For targeting of the mammary gland, human TIMP-1 cDNA was placed under the control of the MMTV-LTR (Figure 2A). Consistent with the reported lack of organ specificity of the MMTV promoter in transgenic models (54), TIMP-1 expression was observed in salivary glands, lungs and spleen, besides mammary glands in the MMTV-TIMP-1 mice (Figure 2B). An age-dependent increase in TIMP-1 levels was observed in mammary glands of heterozygous MMTV-TIMP-1 mice (Figure 2C). This is consistent with tissue re-organization, associated with ductal branching during mammary gland development. Similarly, a strong MMP-9 inhibitory zone at a molecular weight of
29 kDa, corresponding to TIMP-1, was observed in mammary glands of 6-week-old MMTV-TIMP-1 mice, whereas TIMP-1 activity was not detected in mammary glands of the wt littermates (Figure 2D).
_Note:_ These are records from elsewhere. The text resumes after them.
definition fourier :: "('a::euclidean_space \<Rightarrow> complex) \<Rightarrow> 'a \<Rightarrow> complex" where
  "fourier f \<xi> = (LINT x|lborel. f x * cis (- 2 * pi * (x \<bullet> \<xi>)))"

definition bilin_mult ::
  "('a::euclidean_space \<Rightarrow> 'a \<Rightarrow> complex) \<Rightarrow> ('a \<Rightarrow> complex) \<Rightarrow> ('a \<Rightarrow> complex) \<Rightarrow> 'a \<Rightarrow> complex" where
  "bilin_mult m f g x =
     (LINT \<xi>|lborel. LINT \<eta>|lborel.
        fourier f \<xi> * fourier g \<eta> * m \<xi> \<eta> * cis (2 * pi * (x \<bullet> (\<xi> + \<eta>))))"

definition Lp_norm :: "ereal \<Rightarrow> ('a::euclidean_space \<Rightarrow> complex) \<Rightarrow> ennreal" where
  "Lp_norm p h =
     (if p = \<infinity> then esssup lborel (\<lambda>x. ennreal (norm (h x)))
      else (let I = (\<integral>\<^sup>+ x. ennreal (norm (h x) powr real_of_ereal p) \<partial>lborel)
            in if I = \<infinity> then \<infinity> else ennreal (enn2real I powr (1 / real_of_ereal p))))"

definition bilinear_multiplier_class :: "ereal \<Rightarrow> ereal \<Rightarrow> ereal \<Rightarrow> ('a::euclidean_space \<Rightarrow> 'a \<Rightarrow> complex) \<Rightarrow> bool" where
  "bilinear_multiplier_class p q r m \<longleftrightarrow>
     (\<exists>C::real. \<forall>f g. schwartz f \<longrightarrow> schwartz g \<longrightarrow>
        Lp_norm r (bilin_mult m f g) \<le> ennreal C * Lp_norm p f * Lp_norm q g)"

end

(* The counterexample is a family of Gaussian chirps f = exp (- z1 |x|^2), g = exp (- z2 |x|^2) with
   complex parameters depending on t > 0. Since Gaussian integrals with complex parameters can be
   evaluated in closed form (analytic continuation from real parameters), M_m(f,g) is again a
   Gaussian K exp (- W |x|^2), and f, g and M_m(f,g) all have widths of order t^(-1/2). The
   parameters are tuned so that the quadratic phase created by e^(i xi.eta) cancels, which makes
   the amplitude K of order t^(-n/2). Hence ||M_m(f,g)||_r / (||f||_p ||g||_q) is at least of
   order t^(-n/2), unbounded as t tends to 0; the conditions p, q >= 2 and r <= 2 only enter
   through the constants. *)

theory Submission
  imports Defs "HOL-Probability.Probability" "HOL-Complex_Analysis.Complex_Analysis" "HOL-Real_Asymp.Real_Asymp"
begin

lemma has_bochner_integral_std_gauss_iexp:
  fixes v :: real
  shows "has_bochner_integral lborel (\<lambda>x. complex_of_real (exp (- x\<^sup>2 / 2)) * exp (\<i> * complex_of_real (v * x)))
           (complex_of_real (sqrt (2*pi) * exp (- v\<^sup>2 / 2)))"
proof -
  interpret real_distribution std_normal_distribution by (rule real_dist_normal_dist)
  have int1: "integrable std_normal_distribution (\<lambda>x. iexp (v * x))"
    by (rule integrable_const_bound[where B=1]) (auto simp: norm_exp_i_times)
  have hb: "has_bochner_integral std_normal_distribution (\<lambda>x. iexp (v * x)) (complex_of_real (exp (- v\<^sup>2 / 2)))"
    using int1 char_std_normal_distribution unfolding char_def
    by (metis has_bochner_integral_integrable) 
  have "has_bochner_integral lborel (\<lambda>x. std_normal_density x *\<^sub>R iexp (v * x)) (complex_of_real (exp (- v\<^sup>2 / 2)))"
    using hb by (simp add: has_bochner_integral_iff integrable_density integral_density)
  then have "has_bochner_integral lborel (\<lambda>x. complex_of_real (sqrt (2*pi)) * (std_normal_density x *\<^sub>R iexp (v * x)))
      (complex_of_real (sqrt (2*pi)) * complex_of_real (exp (- v\<^sup>2 / 2)))"
    by (rule has_bochner_integral_mult_right)
  then show ?thesis
    by (simp add: std_normal_density_def scaleR_conv_of_real)
qed

definition gauss_lin :: "complex \<Rightarrow> complex \<Rightarrow> real \<Rightarrow> complex" where
  "gauss_lin z w t = exp (- (z * complex_of_real t ^ 2) + w * complex_of_real t)"

lemma gauss_lin_measurable[measurable]: "gauss_lin z w \<in> borel_measurable borel"
  unfolding gauss_lin_def by measurable

lemma continuous_on_gauss_lin: "continuous_on S (gauss_lin z w)"
  unfolding gauss_lin_def by (intro continuous_intros)

lemma norm_gauss_lin: "norm (gauss_lin z w t) = exp (- Re z * t\<^sup>2 + Re w * t)"
  unfolding gauss_lin_def norm_exp_eq_Re by (simp add: power2_eq_square)

lemma gauss_lin_affine_substitution:
  fixes a :: real and w :: complex
  assumes a: "a > 0"
  defines "s \<equiv> 1 / sqrt (2 * a)" and "m \<equiv> Re w / (2 * a)"
  shows "gauss_lin (complex_of_real a) w (m + s * x) = complex_of_real (exp ((Re w)^2 / (4*a))) * exp (\<i> * complex_of_real (Im w * m)) *
           (complex_of_real (exp (- x\<^sup>2 / 2)) * exp (\<i> * complex_of_real ((Im w * s) * x)))"
proof -
  define u where "u = Re w"
  define v where "v = Im w"
  have w: "w = complex_of_real u + \<i> * complex_of_real v" by (simp add: u_def v_def complex_eq)
  have ss: "s^2 = 1 / (2*a)" using a by (simp add: s_def power_divide)
  have r: "- (a * (m + s*x)^2) + u * (m + s*x) = u^2/(4*a) + (- x\<^sup>2 / 2)"
    using a ss unfolding m_def u_def by (simp add: field_simps power2_eq_square)
  have r2: "Re (complex_of_real a * complex_of_real (m + s*x) ^ 2) = a * (m + s*x)^2"
    "Im (complex_of_real a * complex_of_real (m + s*x) ^ 2) = 0"
    by (simp_all add: power2_eq_square)
  have "- (complex_of_real a * complex_of_real (m + s*x) ^ 2) + w * complex_of_real (m + s*x)
      = complex_of_real (u^2 / (4*a)) + \<i> * complex_of_real (v * m) + (complex_of_real (- x\<^sup>2 / 2) + \<i> * complex_of_real ((v * s) * x))"
    unfolding complex_eq_iff using r r2 by (simp add: w algebra_simps)
  then show ?thesis unfolding gauss_lin_def u_def v_def by (simp only: exp_add exp_of_real)
qed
Microscopic examination of whole mount preparations of mammary glands from 6 to 20-week-old virgin MMTV-TIMP-1 female mice and the wt littermates showed no abnormalities in ductal branching or terminal end bud development (not shown). Similarly, no histological abnormalities were observed in H&E stained sections of mammary glands from pregnant and lactating MMTV-TIMP-1 mice (not shown). Normal size and excellent general health of the pups of heterozygous Alb-TIMP-1 and MMTV-TIMP-1 mice further established that mammary gland development and lactation was not affected by the transgenic TIMP-1.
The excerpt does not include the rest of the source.